Вблизи нас история проносилась, как огромная птица, вроде Ворона из Эдгара По, касаясь крылом и накрывая густой тенью. Не пострадали мы, как пострадали миллионы соотечественников. Сейчас высчитывают, сколько пострадало, но для живших тогда мера страха была не количественной, брали и взяли достаточно, чтобы в наших представлениях
Начало романа «Процесс» – один из немногих живых моментов у Кафки, достойный остаться словесным памятником эпохи: утром человек просыпается и чувствует себя виновным. Это – правда времени, запечатленная небездарным писателем, к сожалению, полуживым человеком, но правда универсальная – без границ. От пережитого ужаса не отделаться оговорочками, дескать, да, было, но прошло. Нет, не прошло. Те, кто говорят «прошло», к ним, видно, и не приходило – не жили тогда.
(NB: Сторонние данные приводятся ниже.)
lemma norm_PhiB_eq_1:
  assumes "norm b < 1" "norm z = 1"
  shows "norm (PhiB b z) = 1"
  using norm_PhiB_square[OF assms(1) denominator_nonzero[OF assms(1)], of z] assms(2)
  by (simp add: abs_square_eq_1)

lemma cinner_PhiB_left_b:
  assumes "norm b < 1" "1 + cinner z b \<noteq> 0"
  shows "cinner (PhiB b z) b = 1 - of_real (sB b) * alphaB b z"
  unfolding PhiB_eq cinner_add_left cinner_scale_left cinner_self_sB[OF assms(1)]
  using alphaB_relation[OF assms(2)] betaB_relation[OF assms(1), of z] one_plus_sB_nonzero[OF assms(1)]
  by algebra

lemma PhiB_uminus_PhiB:
  assumes b: "norm b < 1" and z: "1 + cinner z b \<noteq> 0"
  shows "PhiB (- b) (PhiB b z) = z"
proof -
  define w where "w = PhiB b z"
  let ?S = "complex_of_real (sB b)" and ?A = "alphaB b z"
  have "?S \<noteq> 0" using sB_pos[OF b] by simp
  then have "?A \<noteq> 0" using z by (simp add: alphaB_def)
  have "1 + cinner w (- b) = ?S * ?A"
    using cinner_PhiB_left_b[OF b z] by (simp add: w_def cinner_minus_right)
  then have inv_alpha: "alphaB (- b) w * ?A = 1"
    using \<open>?S \<noteq> 0\<close> \<open>?A \<noteq> 0\<close> by (simp add: alphaB_def sB_uminus)
  then have "(1 + alphaB (- b) w) * ?A = 1 + ?A"
    by (simp add: distrib_right)
  then have inv_beta: "betaB (- b) w * ?A = betaB b z"
    by (simp add: betaB_def sB_uminus)
  have "PhiB (- b) w $ j = z $ j" for j
  proof -
    have "w $ j = ?A * z $ j + betaB b z * b $ j"
      by (simp add: w_def PhiB_eq)
    then have "PhiB (- b) w $ j = alphaB (- b) w * (?A * z $ j + betaB b z * b $ j) - betaB (- b) w * b $ j"
      by (simp add: PhiB_eq[of "- b" w])
    also have "\<dots> = z $ j"
      using inv_alpha inv_beta by algebra
    finally show ?thesis .
  qed
  then show ?thesis by (simp add: vec_eq_iff w_def)
qed

definition dalphaB :: "complex ^ 'n \<Rightarrow> complex ^ 'n \<Rightarrow> complex ^ 'n \<Rightarrow> complex" where
  "dalphaB b z v = - alphaB b z * cinner v b / (1 + cinner z b)"

definition DPhiB :: "complex ^ 'n \<Rightarrow> complex ^ 'n \<Rightarrow> complex ^ 'n \<Rightarrow> complex ^ 'n" where
  "DPhiB b z v = alphaB b z *s v + dalphaB b z v *s z + (dalphaB b z v / (1 + of_real (sB b))) *s b"

lemma dalphaB_relation:
  "1 + cinner z b \<noteq> 0 \<Longrightarrow> dalphaB b z v * cinner z b = - alphaB b z * cinner v b - dalphaB b z v"
  by (simp add: dalphaB_def field_simps)
theorem theorem2:
  fixes X :: "(real^'n) set" and Y :: "(real^'m) set"
    and f :: "real^'n \<Rightarrow> real^'m \<Rightarrow> real"
    and p \<alpha> :: real and q T :: nat and C :: "nat \<Rightarrow> real^'n^'n"
    and x0 :: "int \<Rightarrow> real^'n" and y :: "int \<Rightarrow> real^'m"
  assumes f_nonneg: "\<And>x v. x \<in> X \<Longrightarrow> v \<in> Y \<Longrightarrow> f x v \<ge> 0"
    and p: "p \<ge> 1" and q: "q \<ge> 1" and alpha: "\<alpha> > 0"
    and x0: "\<And>t. t \<in> {1 - int q..0} \<Longrightarrow> x0 t \<in> X"
    and y: "\<And>t. t \<in> {1..int T} \<Longrightarrow> y t \<in> Y"
    and poly: "\<And>t. t \<in> {1..int T} \<Longrightarrow> polyhedral X p \<alpha> (\<lambda>x. f x (y t))"
  shows "total_cost f p q C T y (robust X f y x0)
    \<le> max (((\<Sum>i\<in>{1..q}. induced_norm p (C i)) + 1) / \<alpha>) 1 * opt_cost X f p q C T y x0"
proof -
  let ?ratio = "max (((\<Sum>i\<in>{1..q}. induced_norm p (C i)) + 1) / \<alpha>) 1"
  let ?cost = "total_cost f p q C T y"
  have "?cost (robust X f y x0) / ?ratio \<le> opt_cost X f p q C T y x0"
    unfolding opt_cost_def
  proof (rule cInf_greatest)
    show "?cost ` {x. feasible X q T x0 x} \<noteq> {}"
      using robust_feasible[of T X p \<alpha> f y q x0] poly by blast
    show "?cost (robust X f y x0) / ?ratio \<le> c" if "c \<in> ?cost ` {x. feasible X q T x0 x}" for c
      using that robust_cost_le_cost[where f = f and y = y, OF f_nonneg p alpha y poly]
      by (auto simp: divide_le_eq mult.commute)
  qed
  then show ?thesis
    by (simp add: divide_le_eq mult.commute)
qed

end
(* Let $X$ be a locally compact Hausdorff space, $\tau$ a topological measure on $X$, and $O\in\mathcal O(X)$. Let $\widehat O=O\cup\{\infty\}$ be the one-point compactification of $O$, so that the open subsets of $\widehat O$ are the open $U\subset O$ and the sets $(O- K)\cup\{\infty\}$ with $K\subset O$ compact, and the compact subsets of $\widehat O$ are the compact $K\subset O$ and the sets $(O- U)\cup\{\infty\}$ with $U\subset O$ open. Define $\widehat\tau_O$ on $\mathcal A(\widehat O)$ by $\widehat\tau_O(U)=\tau(U)$, $\widehat\tau_O(K)=\tau(K)$, $\widehat\tau_O((O- K)\cup\{\infty\})=\tau(O- K)$, $\widehat\tau_O((O- U)\cup\{\infty\})=\tau(O)-\tau(U)$ for $U\subset O$ open and $K\subset O$ compact. Then $\widehat\tau_O$ is a topological measure on $\widehat O$.
   Context: For a locally compact Hausdorff space $Y$: $\mathcal K(Y)$ is the family of compact subsets, $\mathcal O(Y)$ the family of open subsets with compact closure, $\mathcal A(Y)=\mathcal K(Y)\cup\mathcal O(Y)$ (for compact $Y$, $\mathcal O(Y)$ is all open sets). A topological measure on $Y$ is a function $\tau:\mathcal A(Y)\to[0,\infty)$ such that: (additivity) $\tau(A\cup A')=\tau(A)+\tau(A')$ whenever $A,A'\in\mathcal A(Y)$ are disjoint and $A\cup A'\in\mathcal A(Y)$; (monotonicity) $\tau(A)\le\tau(A')$ for $A\subset A'$ in $\mathcal A(Y)$; (regularity) $\tau(K)=\inf\{\tau(O)\mid O\in\mathcal O(Y),O\supset K\}$ for $K\in\mathcal K(Y)$ and $\tau(O)=\sup\{\tau(K)\mid K\in\mathcal K(Y),K\subset O\}$ for $O\in\mathcal O(Y)$. *)

theory Defs
  imports "HOL-Analysis.Analysis"
begin

definition tm_K :: "'a topology \<Rightarrow> 'a set set" where
  "tm_K T = {K. compactin T K}"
Одно дело сказать, что «Архипелаг ГУЛАГ» – плохая книга, другое – утверждать, что это выдумка и ложь. Были о терроре книги хорошие, однако оставались нам недоступны, а литературно бездарный и двуличный человек проскочил и зафиксировал наше время. Преувеличил, исказил, но не выдумал страдания, неустранимые из советской истории. Незабываем и героизм, непостижима связь между ними.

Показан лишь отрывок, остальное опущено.